So what is Subramanian’s blueprint to take India forward? Some recent pieces by the author of Eclipse: Living in the Shadow of China’s Economic Dominance could give us a clue.
Disappointing Budget
Finance Minister Arun Jaitley’s first Budget didn’t exactly set the world on fire. In fact it was the first time Modi’s supporters starting to express unhappiness with the government’s policy direction, although few blamed the PM himself. Subramanian was perhaps the most prominent of this lot.
“In substance, this was a budget prepared by incumbent bureaucrats, not incoming politicians,” Subramanian wrote. “It represented continuity – which surprisingly was endorsed by much of the post-Budget commentary – when the need of the hour was change.”
He critiqued the government for sticking to the previous administration’s unrealistic targets and accounting, arguing that some of the figures were implausible enough to demand cynicism. He also said there is too much complacency in India’s fiscal policy, driven by a basic misunderstanding: “The Budget and its analysts alike have focused on the medium-term path of fiscal adjustment. This path is important but not critical. On fiscal policy, India has a flow problem, not a stock problem.”

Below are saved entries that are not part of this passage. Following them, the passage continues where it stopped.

(* Consider the algorithm AOD described in the context, with known horizon $T$, under assumptions (A1)–(A3). Let $\mathbf{u}_1,\ldots,\mathbf{u}_{T+1}\in\Omega$ and $P_T=\sum_{t=1}^T\|\mathbf{u}_{t+1}-\mathbf{u}_t\|_2$. Let $s=\lceil\log_2T\rceil$ and suppose $D2^{i-1}<P_T\le D2^i$ for some $i\in\{1,\ldots,s\}$. Then \[ \sum_{t=1}^T f_t(\mathbf{w}_t)-\sum_{t=1}^T f_t(\mathbf{u}_t)\le\Big(\frac{DG}{2}+\frac{3G}{2}\sqrt{2DP_T}+\sqrt{3c(T)\Big(1+\frac{2P_T}{D}\Big)}\Big)\sqrt{T}, \] where $c(T)=1+\ln T+\ln(1+\log_2 T)+\ln\frac{5+3\ln(1+T)}{2}$.
   Context: Online convex optimization: $\Omega\subseteq\mathbb{R}^d$ convex; in round $t=1,\ldots,T$ the learner plays $\mathbf{w}_t\in\Omega$, then a convex $f_t:\Omega\to\mathbb{R}$ is revealed. Assumptions: (A1) $\|\nabla f_t(\mathbf{w})\|_2\le G$ for all $\mathbf{w}\in\Omega$, $t\in[T]$; (A2) $\mathbf{0}\in\Omega$ and $\max_{\mathbf{w},\mathbf{w}'\in\Omega}\|\mathbf{w}-\mathbf{w}'\|_2\le D$; (A3) $0\le f_t\le1$ on $\Omega$. $\Pi_\Omega$ is Euclidean projection. Dense geometric covering intervals: $\mathcal{D}=\bigcup_{k\ge0,\,2^k\le T}\mathcal{D}_k$, $\mathcal{D}_k=\{[(i-1)2^k+1,\,i2^k]: i=1,2,\ldots\}$. Algorithm AOD: for each $I\in\mathcal{D}$ an expert $E_I$ runs online gradient descent $\mathbf{w}_{t+1,I}=\Pi_\Omega[\mathbf{w}_{t,I}-\eta_I\nabla f_t(\mathbf{w}_{t,I})]$, $\eta_I=D/(G\sqrt{|I|})$, over rounds $t\in I$; its initial point is arbitrary if $\min I=1$, and otherwise is the next iterate of the expert of the preceding same-length interval $[\min I-|I|,\min I-1]$ after processing $f_{\min I-1}$. Active experts at round $t$: $\mathcal{A}_t=\{E_I:I\in\mathcal{D},t\in I\}$. Meta-algorithm (AdaNormalHedge): $\Phi(R,C)=\exp([R]_+^2/(3C))$, $[x]_+=\max(0,x)$, $\Phi(0,0)=1$, $w(R,C)=\tfrac12(\Phi(R+1,C+1)-\Phi(R-1,C+1))$, $R_{t-1,I}=\sum_{u=\min I}^{t-1}(f_u(\mathbf{w}_u)-f_u(\mathbf{w}_{u,I}))$, $C_{t-1,I}=\sum_{u=\min I}^{t-1}|f_u(\mathbf{w}_u)-f_u(\mathbf{w}_{u,I})|$, $p_{t,I}=w(R_{t-1,I},C_{t-1,I})/\sum_{E_{I'}\in\mathcal{A}_t}w(R_{t-1,I'},C_{t-1,I'})$, played point $\mathbf{w}_t=\sum_{E_I\in\mathcal{A}_t}p_{t,I}\mathbf{w}_{t,I}$. *)

theory Defs
  imports "HOL-Analysis.Analysis"
begin

definition proj :: "'a::euclidean_space set \<Rightarrow> 'a \<Rightarrow> 'a" where
  "proj \<Omega> x = closest_point \<Omega> x"

text \<open>Dense geometric covering intervals: interval (k,i) is [(i-1)2^k+1, i 2^k], i \<ge> 1, 2^k \<le> T.\<close>
definition iv_start :: "nat \<Rightarrow> nat \<Rightarrow> nat" where
  "iv_start k i = (i - 1) * 2 ^ k + 1"

definition iv_end :: "nat \<Rightarrow> nat \<Rightarrow> nat" where
  "iv_end k i = i * 2 ^ k"

definition DGC :: "nat \<Rightarrow> (nat \<times> nat) set" where
  "DGC T = {(k, i). 2 ^ k \<le> T \<and> i \<ge> 1}"

definition active :: "nat \<Rightarrow> nat \<Rightarrow> (nat \<times> nat) set" where
  "active T t = {(k, i) \<in> DGC T. iv_start k i \<le> t \<and> t \<le> iv_end k i}"

definition eta :: "real \<Rightarrow> real \<Rightarrow> nat \<Rightarrow> real" where
  "eta D G k = D / (G * sqrt (2 ^ k))"

text \<open>The expert of the first interval of
  level k starts at the (arbitrary) point init k; every later expert of level k starts
  at the next iterate of the expert of the preceding interval of the same length, and all
  experts of level k use the same step size eta D G k.  Hence, unfolding the definition,
  the expert E_(k,i) plays at round t \<in> (k,i) the t-th iterate of the following
  projected gradient descent sequence (rounds are 1-indexed).\<close>
primrec ogd :: "'a::euclidean_space set \<Rightarrow> real \<Rightarrow> real \<Rightarrow> (nat \<Rightarrow> 'a \<Rightarrow> 'a)
    \<Rightarrow> (nat \<Rightarrow> 'a) \<Rightarrow> nat \<Rightarrow> nat \<Rightarrow> 'a" where
  "ogd \<Omega> D G g init k 0 = init k"
| "ogd \<Omega> D G g init k (Suc n) =
     (if n = 0 then init k
      else proj \<Omega> (ogd \<Omega> D G g init k n - eta D G k *\<^sub>R g n (ogd \<Omega> D G g init k n)))"

definition expert_pt :: "'a::euclidean_space set \<Rightarrow> real \<Rightarrow> real \<Rightarrow> (nat \<Rightarrow> 'a \<Rightarrow> 'a)
    \<Rightarrow> (nat \<Rightarrow> 'a) \<Rightarrow> nat \<times> nat \<Rightarrow> nat \<Rightarrow> 'a" where
  "expert_pt \<Omega> D G g init I t = ogd \<Omega> D G g init (fst I) t"
lemma sb_lambda_circ:
  assumes a: "a \<in> carrier G" and b: "b \<in> carrier G" and x: "x \<in> carrier G"
  shows "sb_lambda G H (a \<otimes>\<^bsub>H\<^esub> b) x = sb_lambda G H a (sb_lambda G H b x)"
proof -
  have "(a \<otimes>\<^bsub>H\<^esub> b) \<otimes>\<^bsub>G\<^esub> sb_lambda G H (a \<otimes>\<^bsub>H\<^esub> b) x = a \<otimes>\<^bsub>H\<^esub> (b \<otimes>\<^bsub>H\<^esub> x)"
    using assms carrier_eq by (simp add: circ_eq_mult_sb_lambda[symmetric] circ_closed H.m_assoc)
  also have "\<dots> = a \<otimes>\<^bsub>H\<^esub> (b \<otimes>\<^bsub>G\<^esub> sb_lambda G H b x)"
    using b x by (simp add: circ_eq_mult_sb_lambda)
  also have "\<dots> = (a \<otimes>\<^bsub>H\<^esub> b) \<otimes>\<^bsub>G\<^esub> sb_lambda G H a (sb_lambda G H b x)"
    using assms by (simp add: circ_mult_distrib sb_lambda_closed circ_closed sb_lambda_def G.m_assoc)
  finally show ?thesis
    using assms by (simp add: circ_closed sb_lambda_closed)
qed

lemma sb_star_eq: "sb_star G H a x = sb_lambda G H a x \<otimes>\<^bsub>G\<^esub> inv\<^bsub>G\<^esub> x"
  unfolding sb_star_def sb_lambda_def ..

lemma sb_star_closed: "\<lbrakk>a \<in> carrier G; x \<in> carrier G\<rbrakk> \<Longrightarrow> sb_star G H a x \<in> carrier G"
  by (simp add: sb_star_eq sb_lambda_closed)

While, almost presciently, he called on commentators to give the government the benefit of the doubt for the moment, Subramanian did point out that actions and timelines on the key issues of taxation and subsidies were missing.
Report card
At the end of June, about a month-and-a-half into Modi’s prime ministership, Subramanian offered up a provisional report card based on measures that had been taken until then.
*Inflation: ‘A’ – because of a moderation in minimum support prices and liberalising movements of fruits and vegetables.
*Railway Tariffs: ‘A-’ – a (substantially) insufficient tariff increase, but a “shrewd political calculation”.
*Manufacturing: ‘C’ – extension of excise concession to auto manufacturers despite few reasons to do so.
*Subsidies: ‘D’ – increase of sugar subsidies and imposition of import duties aimed primarily at appeasing the sugar lobby.
WTO position
Subramanian agreed with the Modi government’s classification of the Bali Package as problematic for India, considering its need to provide food security, but wrote a column arguing that the obstructionist approach India took would have serious deleterious effects.
“If India succeeds in its opposition, and the Bali deal collapses, the blow to an already weak WTO would be significant and India would bear much of the blame,” Subramanian wrote. “The costs of a weak and delegitimised multilateral trade system are greater for countries such as India.”
Deng Xiaoping
Subramanian is a careful observer of China. He’s written a book about the country’s economic rise and what it will mean for the rest of the world. So you should not take him lightly when he likens Narendra Modi to Deng Xiaoping, the reformist Chinese president who set the country on its current path.
Speaking at the Rotary Club of Madras in May, Subramanian listed four reasons for the analogy. “Firstly, Modi represents a decisive break from dynasty rule like Deng Xiaoping broke with the madness of Mao Zedong ideology. Other things that make me think further on this are Modi’s decisiveness, pragmatic approach and the obsession to get things done, like the Chinese reformist leader. Also, what strikes me as a parallel between the two is the kind of long-term horizon for their countries. Of course, the other parallel is that both of them have baggage.”